Instructions to follow —
Nothing but the lines from the one containing "using assms \<open>a \<noteq> b\<close> \<open>b" to the end of the data should be returned, each exactly as written.

Stored items:
*** Block opens ***

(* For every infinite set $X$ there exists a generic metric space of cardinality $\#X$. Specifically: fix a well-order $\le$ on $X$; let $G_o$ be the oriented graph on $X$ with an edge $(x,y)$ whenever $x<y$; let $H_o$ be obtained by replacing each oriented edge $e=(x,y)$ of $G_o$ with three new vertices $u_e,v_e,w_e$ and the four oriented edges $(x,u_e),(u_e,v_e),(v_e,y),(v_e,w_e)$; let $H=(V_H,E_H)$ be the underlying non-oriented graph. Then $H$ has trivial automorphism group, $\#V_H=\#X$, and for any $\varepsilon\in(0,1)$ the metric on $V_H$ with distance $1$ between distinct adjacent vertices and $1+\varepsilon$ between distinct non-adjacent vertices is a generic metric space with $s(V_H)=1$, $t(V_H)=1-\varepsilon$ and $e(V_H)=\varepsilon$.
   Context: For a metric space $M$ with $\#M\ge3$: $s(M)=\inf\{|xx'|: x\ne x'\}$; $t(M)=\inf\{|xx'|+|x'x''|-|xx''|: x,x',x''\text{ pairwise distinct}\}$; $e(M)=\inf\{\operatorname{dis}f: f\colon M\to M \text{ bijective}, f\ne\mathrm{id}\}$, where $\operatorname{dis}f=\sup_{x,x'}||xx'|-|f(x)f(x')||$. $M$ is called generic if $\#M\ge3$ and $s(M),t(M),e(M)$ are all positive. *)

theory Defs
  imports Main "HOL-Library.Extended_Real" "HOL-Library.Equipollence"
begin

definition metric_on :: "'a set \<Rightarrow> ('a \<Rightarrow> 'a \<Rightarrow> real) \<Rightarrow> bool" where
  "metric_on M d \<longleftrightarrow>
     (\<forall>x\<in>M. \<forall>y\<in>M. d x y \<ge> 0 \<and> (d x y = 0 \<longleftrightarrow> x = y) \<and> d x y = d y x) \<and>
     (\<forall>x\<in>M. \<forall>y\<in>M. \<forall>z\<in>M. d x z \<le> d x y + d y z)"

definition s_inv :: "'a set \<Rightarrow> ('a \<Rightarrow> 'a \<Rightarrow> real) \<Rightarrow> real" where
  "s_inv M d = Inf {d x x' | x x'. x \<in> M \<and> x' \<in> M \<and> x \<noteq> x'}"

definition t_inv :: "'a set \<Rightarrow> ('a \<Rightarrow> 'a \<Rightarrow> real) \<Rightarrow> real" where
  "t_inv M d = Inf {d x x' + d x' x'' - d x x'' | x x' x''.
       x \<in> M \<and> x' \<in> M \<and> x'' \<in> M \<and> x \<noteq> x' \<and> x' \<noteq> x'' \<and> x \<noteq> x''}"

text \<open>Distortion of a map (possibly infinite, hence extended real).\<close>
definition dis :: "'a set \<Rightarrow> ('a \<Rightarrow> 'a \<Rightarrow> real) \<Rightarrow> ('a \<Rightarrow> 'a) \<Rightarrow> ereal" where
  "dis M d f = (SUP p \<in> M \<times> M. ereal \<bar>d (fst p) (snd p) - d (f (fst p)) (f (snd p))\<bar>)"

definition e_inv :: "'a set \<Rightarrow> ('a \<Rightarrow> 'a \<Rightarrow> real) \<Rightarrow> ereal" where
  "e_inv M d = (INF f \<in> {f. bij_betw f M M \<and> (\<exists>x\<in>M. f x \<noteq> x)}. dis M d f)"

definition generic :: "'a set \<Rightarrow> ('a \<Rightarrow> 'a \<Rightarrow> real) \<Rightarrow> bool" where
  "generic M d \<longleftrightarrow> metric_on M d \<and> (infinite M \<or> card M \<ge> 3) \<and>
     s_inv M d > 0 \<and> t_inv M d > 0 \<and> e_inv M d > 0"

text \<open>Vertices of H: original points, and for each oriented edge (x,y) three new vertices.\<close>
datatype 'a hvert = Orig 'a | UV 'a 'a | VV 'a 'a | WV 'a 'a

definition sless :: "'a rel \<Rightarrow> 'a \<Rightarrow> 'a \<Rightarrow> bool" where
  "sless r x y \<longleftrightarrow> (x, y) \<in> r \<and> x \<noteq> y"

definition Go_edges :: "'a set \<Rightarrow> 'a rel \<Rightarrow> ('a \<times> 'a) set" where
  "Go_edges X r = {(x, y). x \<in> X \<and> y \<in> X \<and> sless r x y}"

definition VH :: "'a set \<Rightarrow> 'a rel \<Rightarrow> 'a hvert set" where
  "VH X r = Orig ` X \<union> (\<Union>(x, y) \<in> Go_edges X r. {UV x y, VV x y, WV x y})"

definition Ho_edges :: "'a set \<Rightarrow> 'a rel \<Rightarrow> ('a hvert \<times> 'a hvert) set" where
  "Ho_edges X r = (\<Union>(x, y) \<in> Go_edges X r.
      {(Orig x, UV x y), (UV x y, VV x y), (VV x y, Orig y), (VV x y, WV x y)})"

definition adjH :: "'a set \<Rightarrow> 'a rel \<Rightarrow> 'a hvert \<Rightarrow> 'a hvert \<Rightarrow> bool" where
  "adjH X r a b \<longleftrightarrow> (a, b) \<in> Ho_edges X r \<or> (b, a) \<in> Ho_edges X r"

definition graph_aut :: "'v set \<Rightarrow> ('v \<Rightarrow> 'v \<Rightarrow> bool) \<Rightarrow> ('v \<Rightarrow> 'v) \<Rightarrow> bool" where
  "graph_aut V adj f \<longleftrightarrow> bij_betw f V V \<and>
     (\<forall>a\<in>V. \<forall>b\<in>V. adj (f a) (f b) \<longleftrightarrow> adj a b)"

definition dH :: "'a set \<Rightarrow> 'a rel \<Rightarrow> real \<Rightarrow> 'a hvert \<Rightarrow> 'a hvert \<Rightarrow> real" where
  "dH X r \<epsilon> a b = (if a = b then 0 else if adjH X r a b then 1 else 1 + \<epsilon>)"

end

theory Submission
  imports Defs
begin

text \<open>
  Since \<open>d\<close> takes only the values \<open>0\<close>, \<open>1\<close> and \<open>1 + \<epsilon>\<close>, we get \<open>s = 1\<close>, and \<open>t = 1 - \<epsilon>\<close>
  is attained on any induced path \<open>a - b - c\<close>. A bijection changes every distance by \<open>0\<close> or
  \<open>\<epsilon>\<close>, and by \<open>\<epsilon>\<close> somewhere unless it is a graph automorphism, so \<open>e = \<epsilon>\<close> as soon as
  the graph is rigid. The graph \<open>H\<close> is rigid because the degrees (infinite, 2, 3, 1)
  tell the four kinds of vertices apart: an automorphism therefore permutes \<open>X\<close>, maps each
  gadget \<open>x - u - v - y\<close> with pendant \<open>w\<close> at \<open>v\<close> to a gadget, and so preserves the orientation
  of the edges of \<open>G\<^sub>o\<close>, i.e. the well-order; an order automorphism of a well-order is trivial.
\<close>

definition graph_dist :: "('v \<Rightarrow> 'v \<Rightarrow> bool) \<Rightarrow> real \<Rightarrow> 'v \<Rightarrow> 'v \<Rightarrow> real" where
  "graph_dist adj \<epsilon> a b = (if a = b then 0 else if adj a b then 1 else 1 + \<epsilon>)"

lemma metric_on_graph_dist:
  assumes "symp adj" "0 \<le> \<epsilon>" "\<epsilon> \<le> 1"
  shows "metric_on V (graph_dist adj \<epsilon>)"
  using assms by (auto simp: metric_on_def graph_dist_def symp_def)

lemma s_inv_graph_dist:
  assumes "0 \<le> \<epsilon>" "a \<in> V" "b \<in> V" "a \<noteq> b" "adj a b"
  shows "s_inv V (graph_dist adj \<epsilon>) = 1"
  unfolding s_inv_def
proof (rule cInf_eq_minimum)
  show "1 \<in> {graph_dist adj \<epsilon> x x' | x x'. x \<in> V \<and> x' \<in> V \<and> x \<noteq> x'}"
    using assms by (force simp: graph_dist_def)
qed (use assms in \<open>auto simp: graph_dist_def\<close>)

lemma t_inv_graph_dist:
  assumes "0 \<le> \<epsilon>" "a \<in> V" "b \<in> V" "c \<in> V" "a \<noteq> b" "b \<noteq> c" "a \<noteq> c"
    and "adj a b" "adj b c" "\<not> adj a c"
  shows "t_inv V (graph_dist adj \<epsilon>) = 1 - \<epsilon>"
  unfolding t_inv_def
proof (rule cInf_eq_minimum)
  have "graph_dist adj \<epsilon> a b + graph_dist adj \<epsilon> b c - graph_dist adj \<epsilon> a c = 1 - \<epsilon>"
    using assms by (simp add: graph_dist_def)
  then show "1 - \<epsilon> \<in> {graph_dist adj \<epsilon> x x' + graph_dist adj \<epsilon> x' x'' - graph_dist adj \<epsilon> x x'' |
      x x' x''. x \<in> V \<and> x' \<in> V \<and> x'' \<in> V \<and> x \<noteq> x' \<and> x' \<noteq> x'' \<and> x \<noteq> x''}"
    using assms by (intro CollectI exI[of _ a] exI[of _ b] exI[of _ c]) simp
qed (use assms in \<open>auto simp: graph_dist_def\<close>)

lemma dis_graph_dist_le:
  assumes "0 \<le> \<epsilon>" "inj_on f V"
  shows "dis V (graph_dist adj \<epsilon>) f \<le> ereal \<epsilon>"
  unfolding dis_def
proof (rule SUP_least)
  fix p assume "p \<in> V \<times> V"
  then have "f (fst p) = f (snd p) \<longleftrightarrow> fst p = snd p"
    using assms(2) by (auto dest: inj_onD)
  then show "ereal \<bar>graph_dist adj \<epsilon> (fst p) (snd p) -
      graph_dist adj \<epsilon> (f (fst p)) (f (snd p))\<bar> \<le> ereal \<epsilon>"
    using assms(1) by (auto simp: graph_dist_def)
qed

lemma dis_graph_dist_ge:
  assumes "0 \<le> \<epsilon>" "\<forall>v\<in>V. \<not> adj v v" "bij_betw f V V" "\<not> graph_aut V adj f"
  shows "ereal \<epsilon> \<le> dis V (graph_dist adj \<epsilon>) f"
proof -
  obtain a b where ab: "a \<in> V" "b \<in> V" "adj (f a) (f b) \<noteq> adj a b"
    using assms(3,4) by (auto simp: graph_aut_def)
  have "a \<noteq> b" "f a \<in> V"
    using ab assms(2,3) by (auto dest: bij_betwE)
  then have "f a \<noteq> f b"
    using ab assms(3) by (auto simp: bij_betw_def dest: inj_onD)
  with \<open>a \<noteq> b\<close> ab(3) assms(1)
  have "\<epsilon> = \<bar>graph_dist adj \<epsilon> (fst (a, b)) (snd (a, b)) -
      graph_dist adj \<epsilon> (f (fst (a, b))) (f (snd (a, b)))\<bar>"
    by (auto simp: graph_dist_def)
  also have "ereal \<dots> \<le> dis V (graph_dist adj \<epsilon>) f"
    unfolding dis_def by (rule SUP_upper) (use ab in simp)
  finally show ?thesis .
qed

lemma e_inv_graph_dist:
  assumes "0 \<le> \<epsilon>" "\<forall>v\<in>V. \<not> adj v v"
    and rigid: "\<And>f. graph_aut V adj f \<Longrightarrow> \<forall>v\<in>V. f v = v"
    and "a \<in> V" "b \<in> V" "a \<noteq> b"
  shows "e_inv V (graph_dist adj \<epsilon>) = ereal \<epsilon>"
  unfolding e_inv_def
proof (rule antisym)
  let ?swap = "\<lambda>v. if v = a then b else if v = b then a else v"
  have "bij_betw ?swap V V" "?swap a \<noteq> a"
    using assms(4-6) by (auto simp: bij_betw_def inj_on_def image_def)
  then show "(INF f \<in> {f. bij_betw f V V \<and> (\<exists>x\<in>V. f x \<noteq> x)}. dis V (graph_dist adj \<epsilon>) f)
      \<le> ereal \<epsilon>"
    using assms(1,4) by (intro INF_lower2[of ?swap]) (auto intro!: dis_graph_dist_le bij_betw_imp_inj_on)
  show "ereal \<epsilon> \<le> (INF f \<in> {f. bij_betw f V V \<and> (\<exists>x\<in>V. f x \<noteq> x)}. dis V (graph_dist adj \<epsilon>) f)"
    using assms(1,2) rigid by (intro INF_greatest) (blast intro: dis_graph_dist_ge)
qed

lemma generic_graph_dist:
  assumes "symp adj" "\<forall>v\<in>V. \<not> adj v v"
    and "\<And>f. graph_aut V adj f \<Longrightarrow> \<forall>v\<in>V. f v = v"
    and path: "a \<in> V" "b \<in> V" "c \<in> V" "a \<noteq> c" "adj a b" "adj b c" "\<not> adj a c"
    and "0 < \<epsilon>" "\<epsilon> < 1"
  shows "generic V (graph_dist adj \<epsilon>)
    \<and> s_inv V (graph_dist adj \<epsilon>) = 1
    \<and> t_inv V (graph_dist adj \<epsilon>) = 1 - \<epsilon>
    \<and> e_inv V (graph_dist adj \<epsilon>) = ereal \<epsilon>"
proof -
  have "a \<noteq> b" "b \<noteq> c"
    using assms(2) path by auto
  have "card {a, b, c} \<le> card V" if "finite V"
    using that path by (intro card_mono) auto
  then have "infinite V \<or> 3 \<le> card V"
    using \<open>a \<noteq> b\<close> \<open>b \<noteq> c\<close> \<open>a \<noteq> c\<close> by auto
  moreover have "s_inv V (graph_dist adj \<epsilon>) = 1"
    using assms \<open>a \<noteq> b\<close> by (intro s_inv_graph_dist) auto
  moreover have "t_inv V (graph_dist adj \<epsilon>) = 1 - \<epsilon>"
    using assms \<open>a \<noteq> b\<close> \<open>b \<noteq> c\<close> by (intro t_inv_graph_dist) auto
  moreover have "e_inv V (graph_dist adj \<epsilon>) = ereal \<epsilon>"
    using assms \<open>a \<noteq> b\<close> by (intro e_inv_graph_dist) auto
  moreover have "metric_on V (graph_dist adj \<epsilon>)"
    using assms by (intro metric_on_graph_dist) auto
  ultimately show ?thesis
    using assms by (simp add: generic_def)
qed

*** Block closes ***

Expected output —
    using assms \<open>a \<noteq> b\<close> \<open>b \<noteq> c\<close> by (intro t_inv_graph_dist) auto
  moreover have "e_inv V (graph_dist adj \<epsilon>) = ereal \<epsilon>"
    using assms \<open>a \<noteq> b\<close> by (intro e_inv_graph_dist) auto
  moreover have "metric_on V (graph_dist adj \<epsilon>)"
    using assms by (intro metric_on_graph_dist) auto
  ultimately show ?thesis
    using assms by (simp add: generic_def)
qed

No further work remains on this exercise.